Also the carriage is big.
It's black and green and it's got huge yellow wheels.
Oh my gosh.
The other thing, I said earlier that there was a few cute things the king does.
So they get in there, they break out in the middle of the night.
The Marianne twin aunt nearly gets spotted by Lafayette.
She hides in the shadows.
Oh my gosh.
It's the proper thriller.
She escapes, they start heading out and as Sharma writes, they were beginning to feel
free.
This is what the king says, once my bum is in the saddle again, I'll be a new man.
You can just get a sense like, oh, he's stretching his legs.
He thinks we're going to make it.
An even more obvious sign of his return to form was the obsessive way he plotted the
journey on a specially prepared map.
He's like, he's doing his own little set up
in the back of this car.
Isn't that cute?
He's following it on Google Maps.
Such a little, such a dad thing to do.
But of course you could probably guess
this is going to end in a heartbreak, right?
So they break a wheel and then that slows them down.
They were slow anyway, they left late.
They were just falling more and more behind schedule.
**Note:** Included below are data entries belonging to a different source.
lemma has_integral_suminf_nonneg:
  fixes h :: "nat \<Rightarrow> 'a::euclidean_space \<Rightarrow> real"
  assumes int: "\<And>m. (h m has_integral V m) S"
    and nonneg: "\<And>m t. t \<in> S \<Longrightarrow> 0 \<le> h m t"
    and series: "\<And>t. t \<in> S \<Longrightarrow> (\<lambda>m. h m t) sums g t"
    and "summable V"
  shows "(g has_integral suminf V) S"
proof (rule has_integral_monotone_convergence_increasing)
  show "((\<lambda>t. \<Sum>m<n. h m t) has_integral (\<Sum>m<n. V m)) S" for n
    by (intro has_integral_sum int) auto
  show "(\<lambda>n. \<Sum>m<n. h m t) \<longlonglongrightarrow> g t" if "t \<in> S" for t
    using series[OF that] by (simp add: sums_def)
qed (use nonneg \<open>summable V\<close> in \<open>auto intro: summable_LIMSEQ\<close>)

lemma exp_series_sums_real: "(\<lambda>n. z ^ n / fact n) sums exp (z :: real)"
  using exp_converges[of z] by (simp add: divide_inverse mult.commute)

definition exp_trunc :: "nat \<Rightarrow> real \<Rightarrow> real" where
  "exp_trunc m t = (\<Sum>j\<le>m. t ^ j / fact j)"

lemma has_real_derivative_exp_trunc:
  "(exp_trunc m has_real_derivative exp_trunc m t - t ^ m / fact m) (at t)"
proof (induction m)
  case 0
  then show ?case by (simp add: exp_trunc_def)
next
  case (Suc m)
  have "((\<lambda>t. t ^ Suc m / fact (Suc m)) has_real_derivative real (Suc m) * t ^ (Suc m - 1) / fact (Suc m)) (at t)"
    by (intro derivative_eq_intros DERIV_pow) auto
  moreover have "real (Suc m) * t ^ (Suc m - 1) / fact (Suc m) = t ^ m / fact m"
    by (simp add: fact_Suc del: of_nat_Suc)
  moreover have "exp_trunc (Suc m) = (\<lambda>t. exp_trunc m t + t ^ Suc m / fact (Suc m))"
    by (auto simp: exp_trunc_def)
  ultimately show ?case
    using DERIV_add[OF Suc.IH] by (fastforce simp: exp_trunc_def)
qed

lemma exp_trunc_nonneg: "t \<ge> 0 \<Longrightarrow> exp_trunc m t \<ge> 0"
  unfolding exp_trunc_def by (intro sum_nonneg) auto

lemma exp_trunc_le_exp:
  assumes "t \<ge> 0"
  shows "exp_trunc m t \<le> exp t"
proof -
  have "(\<Sum>j<Suc m. t ^ j / fact j) \<le> (\<Sum>j. t ^ j / fact j)"
    using assms exp_series_sums_real[of t] by (intro sum_le_suminf) (auto simp: sums_iff)
  then show ?thesis
    using exp_series_sums_real[of t] by (simp add: exp_trunc_def lessThan_Suc_atMost sums_iff)
qed

lemma exp_minus_mult_exp_trunc_tendsto_0: "((\<lambda>t. exp (- t) * exp_trunc m t) \<longlongrightarrow> 0) at_top"
proof -
  have "((\<lambda>t::real. \<Sum>j\<le>m. t ^ j / exp t / fact j) \<longlongrightarrow> 0) at_top"
    by (intro tendsto_null_sum tendsto_divide_zero tendsto_power_div_exp_0)
  moreover have "(\<lambda>t. \<Sum>j\<le>m. t ^ j / exp t / fact j) = (\<lambda>t. exp (- t) * exp_trunc m t)"
    by (auto simp: exp_trunc_def sum_distrib_left exp_minus field_simps)
  ultimately show ?thesis by simp
qed

lemma Gamma_integrand_has_integral:
  assumes "s > (0::real)"
  shows "((\<lambda>t. t powr (s - 1) * exp (- t)) has_integral Gamma s) {0..}"
  using Gamma_integral_real[OF assms] by (simp add: exp_minus divide_inverse)

lemma Gamma_integrand_set_integrable:
  assumes "s > (0::real)" "S \<in> sets lebesgue" "S \<subseteq> {0..}"
  shows "set_integrable lebesgue S (\<lambda>t. t powr (s - 1) * exp (- t))"
proof -
  have "(\<lambda>t. t powr (s - 1) * exp (- t)) absolutely_integrable_on {0..}"
    using Gamma_integrand_has_integral[OF assms(1)] by (intro nonnegative_absolutely_integrable_1) auto
  then show ?thesis
    by (rule set_integrable_subset[OF _ assms(2,3)])
qed

lemma Gamma_integrand_integrable_on:
  assumes "s > (0::real)" "S \<in> sets lebesgue" "S \<subseteq> {0..}"
  shows "(\<lambda>t. t powr (s - 1) * exp (- t)) integrable_on S"
  using set_lebesgue_integral_eq_integral(1)[OF Gamma_integrand_set_integrable[OF assms]] .

lemma Gamma_integrand_le_add:
  fixes t :: real
  assumes "t > 0" "a \<le> s" "s \<le> b"
  shows "t powr (s - 1) * exp (- t) \<le> t powr (a - 1) * exp (- t) + t powr (b - 1) * exp (- t)"
proof -
  have "t powr (s - 1) \<le> t powr (a - 1) + t powr (b - 1)"
  proof (cases "t \<ge> 1")
    case True
    then have "t powr (s - 1) \<le> t powr (b - 1)"
      using assms by (intro powr_mono) auto
    then show ?thesis
      using powr_ge_zero[of t "a - 1"] by linarith
  next
    case False
    then have "t powr (s - 1) \<le> t powr (a - 1)"
      using assms by (intro powr_mono') auto
    then show ?thesis
      using powr_ge_zero[of t "b - 1"] by linarith
  qed
  then show ?thesis
    by (simp add: mult_right_mono flip: distrib_right)
qed

lemma Gamma_eq_integral_plus_upper_inc_Gamma:
  assumes "s > (0::real)" "y \<ge> 0"
  shows "Gamma s = integral {0..y} (\<lambda>t. t powr (s - 1) * exp (- t)) + upper_inc_Gamma s y"
proof -
  have "{0..y} \<union> {y..} = {0..}" using assms by auto
  moreover have "integral ({0..y} \<union> {y..}) (\<lambda>t. t powr (s - 1) * exp (- t)) =
     integral {0..y} (\<lambda>t. t powr (s - 1) * exp (- t)) + integral {y..} (\<lambda>t. t powr (s - 1) * exp (- t))"
    using assms by (intro integral_Un) (auto intro!: Gamma_integrand_integrable_on negligible_subset[of "{y}"])
  ultimately show ?thesis
    using Gamma_integrand_has_integral[OF assms(1)] by (simp add: upper_inc_Gamma_def integral_unique)
qed

lemma upper_inc_Gamma_nonneg:
  assumes "s > (0::real)" "y \<ge> 0"
  shows "0 \<le> upper_inc_Gamma s y"
  unfolding upper_inc_Gamma_def using assms by (intro integral_nonneg Gamma_integrand_integrable_on) auto

lemma upper_inc_Gamma_le_Gamma:
  assumes "s > (0::real)" "y \<ge> 0"
  shows "upper_inc_Gamma s y \<le> Gamma s"
proof -
  have "0 \<le> integral {0..y} (\<lambda>t. t powr (s - 1) * exp (- t))"
    using assms by (intro integral_nonneg Gamma_integrand_integrable_on) auto
  then show ?thesis
    using Gamma_eq_integral_plus_upper_inc_Gamma[OF assms] by linarith
qed

lemma upper_inc_Gamma_eq_set_lebesgue_integral:
  assumes "s > (0::real)" "y \<ge> 0"
  shows "upper_inc_Gamma s y = (LINT t:{y..}|lebesgue. t powr (s - 1) * exp (- t))"
  unfolding upper_inc_Gamma_def using assms
  by (intro set_lebesgue_integral_eq_integral(2)[symmetric] Gamma_integrand_set_integrable) auto

lemma upper_inc_Gamma_of_nat:
  assumes "y > 0"
  shows "upper_inc_Gamma (real (Suc m)) y = fact m * exp (- y) * exp_trunc m y"
proof -
  let ?F = "\<lambda>t. - fact m * (exp (- t) * exp_trunc m t)"
  have "(?F has_real_derivative t powr (real (Suc m) - 1) * exp (- t)) (at t)" if "y \<le> t" for t
  proof -
    have "((\<lambda>t. exp (- t)) has_real_derivative - exp (- t)) (at t)"
      by (auto intro!: derivative_eq_intros)
    from DERIV_cmult[OF DERIV_mult[OF this has_real_derivative_exp_trunc[of m t]], of "- fact m"]
    have "(?F has_real_derivative
        - fact m * (- exp (- t) * exp_trunc m t + exp (- t) * (exp_trunc m t - t ^ m / fact m))) (at t)"
      by (simp add: algebra_simps)
    moreover have "- fact m * (- exp (- t) * exp_trunc m t + exp (- t) * (exp_trunc m t - t ^ m / fact m))
        = t powr (real (Suc m) - 1) * exp (- t)"
      using that assms by (simp add: powr_realpow field_simps)
    ultimately show ?thesis by simp
  qed
  moreover have "(?F \<longlongrightarrow> - fact m * 0) at_top"
    by (intro tendsto_intros exp_minus_mult_exp_trunc_tendsto_0)
  ultimately have "((\<lambda>t. t powr (real (Suc m) - 1) * exp (- t)) has_integral - fact m * 0 - ?F y) {y..}"
    by (intro has_integral_atLeast_FTC) auto
  then show ?thesis
    unfolding upper_inc_Gamma_def by (simp add: integral_unique)
qed

lemma set_integral_Gamma_integrand_tendsto:
  fixes y s0 :: real
  assumes y: "y > 0" and s0: "s0 > 0"
  shows "((\<lambda>s. LINT t:{y..}|lebesgue. t powr (s - 1) * exp (- t))
           \<longlongrightarrow> (LINT t:{y..}|lebesgue. t powr (s0 - 1) * exp (- t))) (at s0)"
proof -
  let ?f = "\<lambda>s t. indicator {y..} t *\<^sub>R (t powr (s - 1) * exp (- t))"
  let ?w = "\<lambda>t. ?f (s0 / 2) t + ?f (s0 + 1) t"
  have meas: "?f s \<in> borel_measurable lebesgue" for s
    by (rule measurable_completion) measurable
  have "((\<lambda>s. integral\<^sup>L lebesgue (?f s)) \<longlongrightarrow> integral\<^sup>L lebesgue (?f s0)) (at s0)"
  proof (rule integral_dominated_convergence_at)
    have int: "integrable lebesgue (?f s)" if "s > 0" for s
      using Gamma_integrand_set_integrable[OF that, of "{y..}"] y by (simp add: set_integrable_def)
    show "integrable lebesgue ?w"
      using s0 by (intro Bochner_Integration.integrable_add int) auto
    have "((\<lambda>s. ?f s t) \<longlongrightarrow> ?f s0 t) (at s0)" for t
    proof (cases "t \<in> {y..}")
      case True
      then have "t \<noteq> 0" using y by auto
      then have "((\<lambda>s. t powr (s - 1) * exp (- t)) \<longlongrightarrow> t powr (s0 - 1) * exp (- t)) (at s0)"
        by (intro tendsto_intros) auto
      with True show ?thesis by simp
    qed simp
    then show "AE t in lebesgue. ((\<lambda>s. ?f s t) \<longlongrightarrow> ?f s0 t) (at s0)"
      by simp
    have "\<forall>\<^sub>F s in at s0. s \<in> {s0 / 2 <..< s0 + 1}"
      using s0 by (intro eventually_at_in_open') auto
    then show "\<forall>\<^sub>F s in at s0. AE t in lebesgue. norm (?f s t) \<le> ?w t"
    proof (elim eventually_mono, intro AE_I2)
      fix s t assume "s \<in> {s0 / 2 <..< s0 + 1}"
      then show "norm (?f s t) \<le> ?w t"
        using y Gamma_integrand_le_add[of t "s0 / 2" s "s0 + 1"] by (cases "t \<in> {y..}") auto
    qed
  qed (rule meas)+
  then show ?thesis
    by (simp add: set_lebesgue_integral_def)
qed

lemma isCont_upper_inc_Gamma:
  assumes y: "y > 0" and s0: "s0 > 0"
  shows "isCont (\<lambda>s. upper_inc_Gamma s y) s0"
proof -
  have "\<forall>\<^sub>F s in at s0. (LINT t:{y..}|lebesgue. t powr (s - 1) * exp (- t)) = upper_inc_Gamma s y"
    using eventually_at_in_open'[of "{0<..}" s0] s0 y
    by (auto elim!: eventually_mono simp: upper_inc_Gamma_eq_set_lebesgue_integral)
  with set_integral_Gamma_integrand_tendsto[OF y s0]
  have "((\<lambda>s. upper_inc_Gamma s y) \<longlongrightarrow> (LINT t:{y..}|lebesgue. t powr (s0 - 1) * exp (- t))) (at s0)"
    by (rule Lim_transform_eventually)
  then show ?thesis
    unfolding isCont_def using s0 y by (simp add: upper_inc_Gamma_eq_set_lebesgue_integral)
qed

lemma integral_Gamma_integrand_le_powr:
  fixes y s :: real
  assumes "y > 0" "s \<ge> 1"
  shows "integral {0..y} (\<lambda>t. t powr (s - 1) * exp (- t)) \<le> y powr s"
proof -
  have "integral {0..y} (\<lambda>t. t powr (s - 1) * exp (- t)) \<le> integral {0..y} (\<lambda>t. y powr (s - 1))"
  proof (rule integral_le)
    show "(\<lambda>t. t powr (s - 1) * exp (- t)) integrable_on {0..y}"
      using assms by (intro Gamma_integrand_integrable_on) auto
    fix t assume t: "t \<in> {0..y}"
    then have "t powr (s - 1) \<le> y powr (s - 1)" "exp (- t) \<le> 1"
      using assms by (auto intro: powr_mono2)
    then show "t powr (s - 1) * exp (- t) \<le> y powr (s - 1)"
      by (metis exp_ge_zero mult_left_le powr_ge_zero order_trans)
  qed (rule integrable_const_ivl)
  also have "\<dots> = y powr s"
    using assms by (simp add: powr_diff)
  finally show ?thesis .
qed

lemma powr_mult_exp_le_Gamma:
  fixes M s :: real
  assumes "M > 0" "s \<ge> 1"
  shows "M powr (s - 1) * exp (- (M + 1)) \<le> Gamma s"
proof -
  have "M powr (s - 1) * exp (- (M + 1)) = integral {M..M + 1} (\<lambda>t. M powr (s - 1) * exp (- (M + 1)))"
    by simp
  also have "\<dots> \<le> integral {M..M + 1} (\<lambda>t. t powr (s - 1) * exp (- t))"
  proof (rule integral_le)
    show "(\<lambda>t. t powr (s - 1) * exp (- t)) integrable_on {M..M + 1}"
      using assms by (intro Gamma_integrand_integrable_on) auto
    fix t assume "t \<in> {M..M + 1}"
    then show "M powr (s - 1) * exp (- (M + 1)) \<le> t powr (s - 1) * exp (- t)"
      using assms by (intro mult_mono powr_mono2) auto
  qed (rule integrable_const_ivl)
  also have "\<dots> \<le> integral {0..} (\<lambda>t. t powr (s - 1) * exp (- t))"
    using assms by (intro integral_subset_le Gamma_integrand_integrable_on) auto
  also have "\<dots> = Gamma s"
    using Gamma_integrand_has_integral[of s] assms by (simp add: integral_unique)
  finally show ?thesis .
qed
And the plan is they're going to meet up with the military
escort. But in an astonishing scene, they get spotted by a local postmaster who has
seen the Queen before and has seen the King before.
You would regret putting your face on all those stamps, wouldn't you?
Exactly. On every stamp he's delivered for the last decade.
Hang on.
Would you mind turning side on?
It is you.
I've seen you.
Wow. The king, he does this stuff as well where like when they're stopping to change
horses and stuff like that, he's chatting with the locals. You know, like you can really get
a sense that he knows he's getting away with it. And it's just like, oh, I love a little bit of Banneria, they don't know who I am. Like, what is he doing?
That is remarkably stupid.
Another moment where you could get away with this. It's so stupid. But this is the most stupid thing
he does, which I just found absolutely amazing, right? So they get found, they get hauled back
to Paris, the postmaster dobs them in. But even worse than all this, right? Before Louis XVI escaped with his family, he left a letter behind, basically slagging everyone off.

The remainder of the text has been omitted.